Before Ernest Hemmingway was the famous author of hie time he was a struggling writer, trying to figure out how to make ends meet, trying to find his voice. In the 1920s he meets Hadley Richardson in Chicago and after a whirlwind, and often long-distance, romance they marry and move to Paris. Paris is the city to be in for the new emerging modernist writers, from Joyce to Stein, anyone who is anyone spends a considerable amount of time in Paris. There, Ernest is convinced, he can find his voice and write. Hadley is content to go wherever Ernest will be happy, she will support and look after him through all his struggles.I don’t think I’ve ever read anything by Ernest Hemmingway, all I know about him before this book was that he was a big-game hunter, into bullfights and drinking. That he was a typical “white macho author”, or a bit of an asshole. Well, this book certainly confirmed that impression. He was utterly unlikeable. I’m not saying that I didn’t feel some sympathy for him, all he went through in the war, and he obviously had some depression issues, but you know what, so what. He was utterly horrible to Hadley, even when he was supposed to be utterly in love with her.
And Hadley herself, good lord she was such a weak character throughout the book. I just couldn’t like her, by the end she had grown a little, but that was almost after the story told in the book. Throughout the novel she was a drip. I didn’t get why Ernest loved her. And I certainly didn’t understand why she loved him.
The overall opinion I formed about Hemmingway through this book is that he was a weak and insecure individual who made himself feel like a big man by insulting everyone around him and putting them down.
The book did succeed, however, in making more curious about Hemmingway himself, and I could even see myself trying to read one of his books at some point. I do recall picking up The sun also rises at some point1 but I think I was 13 or 14. I didn’t make it past the first chapter.

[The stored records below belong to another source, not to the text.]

lemma exists_cylinder_setup:
  fixes K :: "'k set" and T :: "'t set"
  assumes K: "infinite K" and KT: "|K| <o |T|" and TP: "|T| \<le>o |Pow K|"
  obtains R S \<rho> \<iota> where "cylinder_setup K T R S \<rho> \<iota>"
    "infinite R" "|R| =o |K|" "infinite S" "|S| =o |T|"
proof -
  let ?L = "lists (K \<times> (UNIV :: bool set))"
  have LK: "|?L| =o |K|" by (rule card_of_lists_Times_bool[OF K])
  hence "|?L| \<le>o |T|" using ordIso_ordLeq_trans ordLess_imp_ordLeq[OF KT] by blast
  then obtain j where j: "inj_on j ?L" "j ` ?L \<subseteq> T" unfolding card_of_ordLeq[symmetric] by blast
  define R where "R = j ` ?L"
  define S where "S = T - R"
  have "bij_betw j ?L R" unfolding R_def using j(1) by (rule bij_betw_imageI) simp
  hence "|?L| =o |R|" using card_of_ordIso by blast
  hence RK: "|R| =o |K|" using ordIso_transitive[OF ordIso_symmetric LK] by blast
  have "infinite R" using K card_of_ordIso_finite[OF RK] by blast
  have "infinite T" using K card_of_ordLeq_infinite[OF ordLess_imp_ordLeq[OF KT]] by blast
  have ST: "|S| =o |T|"
    unfolding S_def using card_of_Diff_ordLess_infinite[OF \<open>infinite T\<close> ordIso_ordLess_trans[OF RK KT]] .
  have "infinite S" using \<open>infinite T\<close> card_of_ordIso_finite[OF ST] by blast
  obtain \<iota> where \<iota>: "inj_on \<iota> T" "\<iota> ` T \<subseteq> Pow K" using TP unfolding card_of_ordLeq[symmetric] by blast
  have "cylinder_setup K T R S (inv_into ?L j) \<iota>"
  proof
    show "R \<union> S = T" "R \<inter> S = {}" using j(2) unfolding R_def S_def by blast+
    show "inj_on \<iota> S" using \<iota>(1) by (rule inj_on_subset) (auto simp: S_def)
    show "\<forall>s\<in>S. \<iota> s \<subseteq> K" using \<iota>(2) by (auto simp: S_def)
    show "\<forall>L\<in>?L. \<exists>r\<in>R. inv_into ?L j r = L"
    proof
      fix L assume "L \<in> ?L"
      thus "\<exists>r\<in>R. inv_into ?L j r = L" using j(1) unfolding R_def by (intro bexI[of _ "j L"]) auto
    qed
  qed
  thus thesis using that \<open>infinite R\<close> RK \<open>infinite S\<close> ST by blast
qed

theorem mainTheorem2:
  fixes K :: "'k set" and T :: "'t set"
  assumes "infinite K"
    and "(card_of (Func (UNIV :: nat set) K), cardSuc (card_of K)) \<in> ordLeq
           \<longrightarrow> (card_of T, cardSuc (card_of K)) \<in> ordIso"
    and "(cardSuc (card_of K), card_of (Func (UNIV :: nat set) K)) \<in> ordLeq
           \<longrightarrow> (card_of T, card_of (Func (UNIV :: nat set) K)) \<in> ordIso"
  shows "\<exists>P. cont_quad_poly T P \<and>
           (\<exists>V. maximal_zero_subspace T P V \<and> has_density T V K) \<and>
           (\<exists>W. maximal_zero_subspace T P W \<and> has_density T W T)"
proof -
  have "|K| <o |T|" "|T| \<le>o |Pow K|"
    using card_of_max_cardSuc_Func_bounds[OF assms] by blast+
  then obtain R S \<rho> \<iota> where "cylinder_setup K T R S \<rho> \<iota>"
    "infinite R" "|R| =o |K|" "infinite S" "|S| =o |T|"
    using exists_cylinder_setup[OF assms(1)] by blast
  thus ?thesis by (rule cylinder_setup.exists_form_with_maximal_zero_subspaces)
qed

end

I’m not sure I would have stuck with this one if it wasn’t a book club read. It redeemed itself a little in the final chapter or so, but not enough for me to say I enjoyed the book at all. I’m sure McLain did plenty of research but I think that comes across more than the story, and for me, when I’m reading a fictional story I want to be able to empathise with at least one of the characters, even if I disagree with them. Here I was just annoyed and frustrated by the pair.